### Exercise aim
Only lines containing "even" are wanted from the data below. Copy those lines.

.....

(* Let $n\ge2$, $A\in\mathbb{R}^{n\times m}$, $B\in\mathbb{R}^{m\times n}$, and let $C$ be a cycle of the DSR$^{[2]}$ graph $G^{[2]}_{A,B}$. (i) If $C$ is twisted, then $\pi(C)$ is an s-walk if and only if $C$ is an s-cycle. (ii) If $C$ is direct, $\pi(C)=\{W',W''\}$, and both $W'$ and $W''$ are s-walks, then $C$ is an s-cycle.
   Context: DSR graphs: for $A\in\mathbb{R}^{n\times m}$, $B\in\mathbb{R}^{m\times n}$, $G_{A,B}$ is the signed, labelled bipartite digraph with S-vertices $S_1,\dots,S_n$ and R-vertices $R_1,\dots,R_m$, an arc $R_j\to S_i$ of sign $\mathrm{sign}(A_{ij})$ iff $A_{ij}\ne0$, an arc $S_i\to R_j$ of sign $\mathrm{sign}(B_{ji})$ iff $B_{ji}\ne0$, with antiparallel arcs of equal sign merged into an undirected edge. An edge arising from $A_{ij}\ne0$ (R-to-S or undirected) has label $|A_{ij}|$; an edge with only S-to-R orientation has label $\infty$. Walks traverse edges consistently with orientation (empty walks allowed); a cycle is a nonempty closed walk with no repeated vertex except first$=$last. A closed walk $(e_1,\dots,e_{2r})$ ($r\ge0$) is an s-walk if all its labels are finite and $\prod_{i=1}^r l(e_{2i-1})=\prod_{i=1}^r l(e_{2i})$; an s-cycle is a cycle which is an s-walk. DSR$^{[2]}$ graph: $\overline{\mathbf L}^A\in\mathbb{R}^{\binom n2\times mn}$ has rows indexed by $(i,j)$, $i<j$, columns by $(k,l)$, $1\le k\le m$, $1\le l\le n$, entries $A_{jk}$ if $l=i$, $-A_{ik}$ if $l=j$, $0$ otherwise; $\underline{\mathbf L}^B\in\mathbb{R}^{mn\times\binom n2}$ has $(k,l),(i,j)$ entry $B_{kj}$ if $l=i$, $-B_{ki}$ if $l=j$, $0$ otherwise. $G^{[2]}_{A,B}:=G_{\overline{\mathbf L}^A,\underline{\mathbf L}^B}$, with S-vertices $ij=ji$ and R-vertices $k^l$; an edge $(ij,k^l)$ exists only if $l\in\{i,j\}$. The projection $\pi$ sends an edge $(ij,k^j)$ to the edge $(S_i,R_k)$ of $G_{A,B}$, which has the same direction and label. Direct/twisted and $\pi(C)$: let $C$ have S-vertex sequence $a_1b_1,\dots,a_{T+1}b_{T+1}=a_1b_1$, and write the segment from $a_rb_r$ to $a_{r+1}b_{r+1}$ as $(a_rb_r,k^l,a_{r+1}b_{r+1})$ with $l$ the common index; its projection is a length-2 walk from $S_x$ to $S_y$, where $x$ is the element of $\{a_r,b_r\}$ other than $l$ and $y$ that of $\{a_{r+1},b_{r+1}\}$ other than $l$. Starting from empty walks at $S_{a_1}$ and $S_{b_1}$, for $r=1,\dots,T$ append the projected segment to whichever current walk ends at $S_x$. If the final walks $W',W''$ are both closed, $C$ is direct and $\pi(C)=\{W',W''\}$; otherwise $C$ is twisted and $\pi(C)=W'\sqcup W''$ is the closed walk obtained by traversing $W'$ and $W''$ in succession. *)

theory Defs
  imports Main "HOL-Library.Extended_Real"
begin

text \<open>A DSR graph is given by a set SS of S-vertices, a set RR of R-vertices,
  a function a (a s r plays the role of A_{s r}: arc R_r -> S_s) and a function
  b (b r s plays the role of B_{r s}: arc S_s -> R_r).\<close>

datatype ('s,'r) vert = SV (sv: 's) | RV (rv: 'r)

text \<open>Kinds of edges: undirected (merged antiparallel arcs of equal sign),
  R-to-S arc only, S-to-R arc only.\<close>
datatype ekind = Und | ArcRS | ArcSR

text \<open>An edge joins an S-vertex and an R-vertex and has a kind
  (several edges may join the same pair of vertices).\<close>
type_synonym ('s,'r) edge = "'s \<times> 'r \<times> ekind"

type_synonym ('s,'r) walk = "('s,'r) vert list \<times> ('s,'r) edge list"

definition dsr_edge ::
  "'s set \<Rightarrow> 'r set \<Rightarrow> ('s \<Rightarrow> 'r \<Rightarrow> real) \<Rightarrow> ('r \<Rightarrow> 's \<Rightarrow> real) \<Rightarrow> ('s,'r) edge \<Rightarrow> bool" where
  "dsr_edge SS RR a b e = (case e of (s, r, kd) \<Rightarrow> s \<in> SS \<and> r \<in> RR \<and>
     (case kd of
        Und \<Rightarrow> a s r \<noteq> 0 \<and> b r s \<noteq> 0 \<and> sgn (a s r) = sgn (b r s)
      | ArcRS \<Rightarrow> a s r \<noteq> 0 \<and> \<not> (b r s \<noteq> 0 \<and> sgn (b r s) = sgn (a s r))
      | ArcSR \<Rightarrow> b r s \<noteq> 0 \<and> \<not> (a s r \<noteq> 0 \<and> sgn (a s r) = sgn (b r s))))"

definition dsr_label :: "('s \<Rightarrow> 'r \<Rightarrow> real) \<Rightarrow> ('s,'r) edge \<Rightarrow> ereal" where
  "dsr_label a e = (case e of (s, r, kd) \<Rightarrow>
     (if kd = ArcSR then \<infinity> else ereal \<bar>a s r\<bar>))"

definition traverses :: "('s,'r) edge \<Rightarrow> ('s,'r) vert \<Rightarrow> ('s,'r) vert \<Rightarrow> bool" where
  "traverses e u v = (case e of (s, r, kd) \<Rightarrow>
     (u = SV s \<and> v = RV r \<and> kd \<noteq> ArcRS) \<or> (u = RV r \<and> v = SV s \<and> kd \<noteq> ArcSR))"

definition in_vertices :: "'s set \<Rightarrow> 'r set \<Rightarrow> ('s,'r) vert \<Rightarrow> bool" where
  "in_vertices SS RR v = (case v of SV s \<Rightarrow> s \<in> SS | RV r \<Rightarrow> r \<in> RR)"

definition is_walk ::
  "'s set \<Rightarrow> 'r set \<Rightarrow> ('s \<Rightarrow> 'r \<Rightarrow> real) \<Rightarrow> ('r \<Rightarrow> 's \<Rightarrow> real) \<Rightarrow> ('s,'r) walk \<Rightarrow> bool" where
  "is_walk SS RR a b W = (length (fst W) = Suc (length (snd W)) \<and>
     (\<forall>v \<in> set (fst W). in_vertices SS RR v) \<and>
     (\<forall>i < length (snd W). dsr_edge SS RR a b (snd W ! i) \<and>
        traverses (snd W ! i) (fst W ! i) (fst W ! Suc i)))"

definition closed_walk :: "('s,'r) walk \<Rightarrow> bool" where
  "closed_walk W = (hd (fst W) = last (fst W))"

definition is_cycle ::
  "'s set \<Rightarrow> 'r set \<Rightarrow> ('s \<Rightarrow> 'r \<Rightarrow> real) \<Rightarrow> ('r \<Rightarrow> 's \<Rightarrow> real) \<Rightarrow> ('s,'r) walk \<Rightarrow> bool" where
  "is_cycle SS RR a b W = (is_walk SS RR a b W \<and> snd W \<noteq> [] \<and> closed_walk W \<and>
     distinct (butlast (fst W)))"

text \<open>s-walk: closed walk (e_1,...,e_{2r}) with all labels finite and
  prod l(e_{2i-1}) = prod l(e_{2i}); with 0-based list indices, the edges at even
  positions versus those at odd positions.\<close>
definition s_walk :: "('s \<Rightarrow> 'r \<Rightarrow> real) \<Rightarrow> ('s,'r) walk \<Rightarrow> bool" where
  "s_walk a W = (closed_walk W \<and> (\<forall>e \<in> set (snd W). dsr_label a e \<noteq> \<infinity>) \<and>
     (\<Prod>i \<in> {i. i < length (snd W) \<and> even i}. dsr_label a (snd W ! i)) =
     (\<Prod>i \<in> {i. i < length (snd W) \<and> odd i}. dsr_label a (snd W ! i)))"

definition s_cycle ::
  "'s set \<Rightarrow> 'r set \<Rightarrow> ('s \<Rightarrow> 'r \<Rightarrow> real) \<Rightarrow> ('r \<Rightarrow> 's \<Rightarrow> real) \<Rightarrow> ('s,'r) walk \<Rightarrow> bool" where
  "s_cycle SS RR a b W = (is_cycle SS RR a b W \<and> s_walk a W)"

.....

### Task output
  prod l(e_{2i-1}) = prod l(e_{2i}); with 0-based list indices, the edges at even
     (\<Prod>i \<in> {i. i < length (snd W) \<and> even i}. dsr_label a (snd W ! i)) =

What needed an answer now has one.